10.5.10

La hoguera de las vanidades

Hace unos días, moviendo escenografía, ligué tremendo golpe en la cara. En el medio de la cara; más precisamente entre la frente y la nariz, con un barrote de metal cuadrado. Una de las puntas se me vino a clavar justito a la altura del tabique y fue tal el dolor que estuve a punto de realizar lo impensado: ponerme a llorar en frente del elenco. Lo peor fue cuando pasé por el banio y vislumbré una linea fina de sangre en el lugar en donde me había golpeado. Llegué a casa, le lloré mares a mi pobre novio, explicándole que mi cara es mi herramienta de laburo y me cagué la carrera, me compré un gel cicatrizante que deberé aplicarme por los próximos dos meses, pero lo mejor (lo peor) fue cuando llamé a mi madre para preguntarle qué globulitos debía tomar para el golpe (chichón en la frente, me olvidé de decirles).

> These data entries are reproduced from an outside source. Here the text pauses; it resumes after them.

(* The Vietoris functor $\mathbb{V}\colon \mathbf{CH}\to\mathbf{CH}$ preserves coreflexive equalizers: if $f,g\colon X\to Y$ are morphisms in $\mathbf{CH}$ having a common retraction $k\colon Y\to X$ (i.e. $k\circ f=k\circ g=1_X$) and $h\colon E\to X$ is an equalizer of $f$ and $g$ in $\mathbf{CH}$, then $\mathbb{V}h$ is an equalizer of $\mathbb{V}f$ and $\mathbb{V}g$ in $\mathbf{CH}$.
   Context: $\mathbf{CH}$ denotes the category of compact Hausdorff spaces and continuous maps. For a compact Hausdorff space $X$, $\mathbb{V}X$ is the set of all closed subsets of $X$ (including $\varnothing$) with the Vietoris topology, generated by the sets $\Box U=\{K\in\mathbb{V}X\mid K\subseteq U\}$ and $\Diamond U=\{K\in\mathbb{V}X\mid K\cap U\neq\varnothing\}$ for $U$ open in $X$; it is a compact Hausdorff space. For a continuous $f\colon X\to Y$, $\mathbb{V}f\colon\mathbb{V}X\to\mathbb{V}Y$ is $K\mapsto f[K]$. *)

theory Defs
  imports "HOL-Analysis.Analysis"
begin

definition CH :: "'a topology \<Rightarrow> bool" where
  "CH X \<longleftrightarrow> compact_space X \<and> Hausdorff_space X"

text \<open>Vietoris hyperspace: all closed subsets (including the empty set),
  topology generated by the sets Box U and Diamond U for U open.\<close>
definition vietoris :: "'a topology \<Rightarrow> 'a set topology" where
  "vietoris X = topology_generated_by
     ({{K. closedin X K \<and> K \<subseteq> U} | U. openin X U} \<union>
      {{K. closedin X K \<and> K \<inter> U \<noteq> {}} | U. openin X U})"

definition vmap :: "('a \<Rightarrow> 'b) \<Rightarrow> 'a set \<Rightarrow> 'b set" where
  "vmap f K = f ` K"

text \<open>h : E \<rightarrow> X is an equalizer of f, g : X \<rightarrow> Y in CH.  Morphisms are
  continuous maps, identified when they agree on the carrier.  Test objects
  Z range over compact Hausdorff spaces whose points live in the type 'z
  (the type is a parameter, as HOL cannot quantify over types in a formula).\<close>
definition is_equalizer_CH ::
  "'z itself \<Rightarrow> 'e topology \<Rightarrow> 'x topology \<Rightarrow> ('x \<Rightarrow> 'y) \<Rightarrow> ('x \<Rightarrow> 'y) \<Rightarrow> ('e \<Rightarrow> 'x) \<Rightarrow> bool"
where
  "is_equalizer_CH (_::'z itself) E X f g h \<longleftrightarrow>
     CH E \<and> continuous_map E X h \<and> (\<forall>e\<in>topspace E. f (h e) = g (h e)) \<and>
     (\<forall>(Z::'z topology) z. CH Z \<and> continuous_map Z X z \<and> (\<forall>t\<in>topspace Z. f (z t) = g (z t))
        \<longrightarrow> (\<exists>u. continuous_map Z E u \<and> (\<forall>t\<in>topspace Z. h (u t) = z t)) \<and>
            (\<forall>u u'. continuous_map Z E u \<and> continuous_map Z E u' \<and>
                    (\<forall>t\<in>topspace Z. h (u t) = z t) \<and> (\<forall>t\<in>topspace Z. h (u' t) = z t)
                    \<longrightarrow> (\<forall>t\<in>topspace Z. u t = u' t)))"

end

theory Submission
  imports Defs
begin

text \<open>
  In CH an equalizer of \<open>f, g\<close> is a continuous injection onto \<open>{x. f x = g x}\<close> (test against
  the one-point space), and conversely every such injection of a compact space is an
  equalizer, being an embedding into a Hausdorff space.  The Vietoris functor preserves
  compact Hausdorff spaces, continuous closed maps and injectivity, so \<open>\<V>h\<close> is a continuous
  injection onto the closed sets contained in \<open>{x. f x = g x}\<close>.  The common retraction \<open>k\<close>
  shows these are exactly the closed \<open>K\<close> with \<open>f[K] = g[K]\<close>: from \<open>f x = g x'\<close> we get
  \<open>x = k (f x) = k (g x') = x'\<close>.
\<close>

definition Vbox :: "'a topology \<Rightarrow> 'a set \<Rightarrow> 'a set set" where
  "Vbox X U = {K. closedin X K \<and> K \<subseteq> U}"

definition Vdiamond :: "'a topology \<Rightarrow> 'a set \<Rightarrow> 'a set set" where
  "Vdiamond X U = {K. closedin X K \<and> K \<inter> U \<noteq> {}}"

lemma vietoris_eq:
  "vietoris X = topology_generated_by ({Vbox X U | U. openin X U} \<union> {Vdiamond X U | U. openin X U})"
  by (simp add: vietoris_def Vbox_def Vdiamond_def)

lemma topspace_vietoris: "topspace (vietoris X) = {K. closedin X K}"
proof -
  have "\<And>K. closedin X K \<Longrightarrow> K \<in> Vbox X (topspace X)"
    by (simp add: Vbox_def closedin_subset)
  then show ?thesis
    unfolding vietoris_eq topology_generated_by_topspace
    by (auto simp: Vbox_def Vdiamond_def)
qed

lemma openin_vietoris_Vbox: "openin X U \<Longrightarrow> openin (vietoris X) (Vbox X U)"
  unfolding vietoris_eq by (rule topology_generated_by_Basis) blast

lemma openin_vietoris_Vdiamond: "openin X U \<Longrightarrow> openin (vietoris X) (Vdiamond X U)"
  unfolding vietoris_eq by (rule topology_generated_by_Basis) blast

lemma continuous_map_into_vietoris:
  assumes closed: "\<And>t. t \<in> topspace Z \<Longrightarrow> closedin X (u t)"
    and box: "\<And>U. openin X U \<Longrightarrow> openin Z {t \<in> topspace Z. u t \<subseteq> U}"
    and diamond: "\<And>U. openin X U \<Longrightarrow> openin Z {t \<in> topspace Z. u t \<inter> U \<noteq> {}}"
  shows "continuous_map Z (vietoris X) u"
  unfolding vietoris_eq
proof (rule continuous_on_generated_topo)
  fix W assume "W \<in> {Vbox X U | U. openin X U} \<union> {Vdiamond X U | U. openin X U}"
  then obtain U where U: "openin X U" and "W = Vbox X U \<or> W = Vdiamond X U" by blast
  then show "openin Z (u -` W \<inter> topspace Z)"
  proof (elim disjE)
    assume "W = Vbox X U"
    then have "u -` W \<inter> topspace Z = {t \<in> topspace Z. u t \<subseteq> U}"
      using closed by (auto simp: Vbox_def)
    then show ?thesis using box U by simp
  next
    assume "W = Vdiamond X U"
    then have "u -` W \<inter> topspace Z = {t \<in> topspace Z. u t \<inter> U \<noteq> {}}"
      using closed by (auto simp: Vdiamond_def)
    then show ?thesis using diamond U by simp
  qed
next
  show "u ` topspace Z \<subseteq> \<Union> ({Vbox X U | U. openin X U} \<union> {Vdiamond X U | U. openin X U})"
    using closed topspace_vietoris[of X] by (auto simp: vietoris_eq)
qed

L: Es que me abrí un poquito, un tajito nada más, no te preocupes.
M: Con qué te lo hiciste?!?!?!
L: Con un barrote... de metal... con el borde...
M: Y se nota mucho?!?!?!
L: Es... es una rallita... me abrí un poco.
M: Ay Lucía... qué lástima... justo la nariz era lo más lindo de tu cara...
L: (...)

Ahora me miro al espejo (espejito de cartera porque todavía no tenemos espejos de verdad, variable que beneficia enormemente a mi espíritu, no así a mi estética) religiosa, obsesivamente (como todo, siempre) y, si tengo que ser honesta, creo que me gusta la marquita que me dejó el golpe. Me hace sentir fuerte, rebelde, corajuda. Todo eso que admiro y mi madre defenestra.

2 comentarios:

melquíades dijo...

Después de que me rompí la nariz mi autoestima subió como cinco o seis puntos también. ¿No llega un momento en que aburre un poco la perfección, después de todo?

Lucía dijo...

Obvio. Y además, curtirse tiene onda.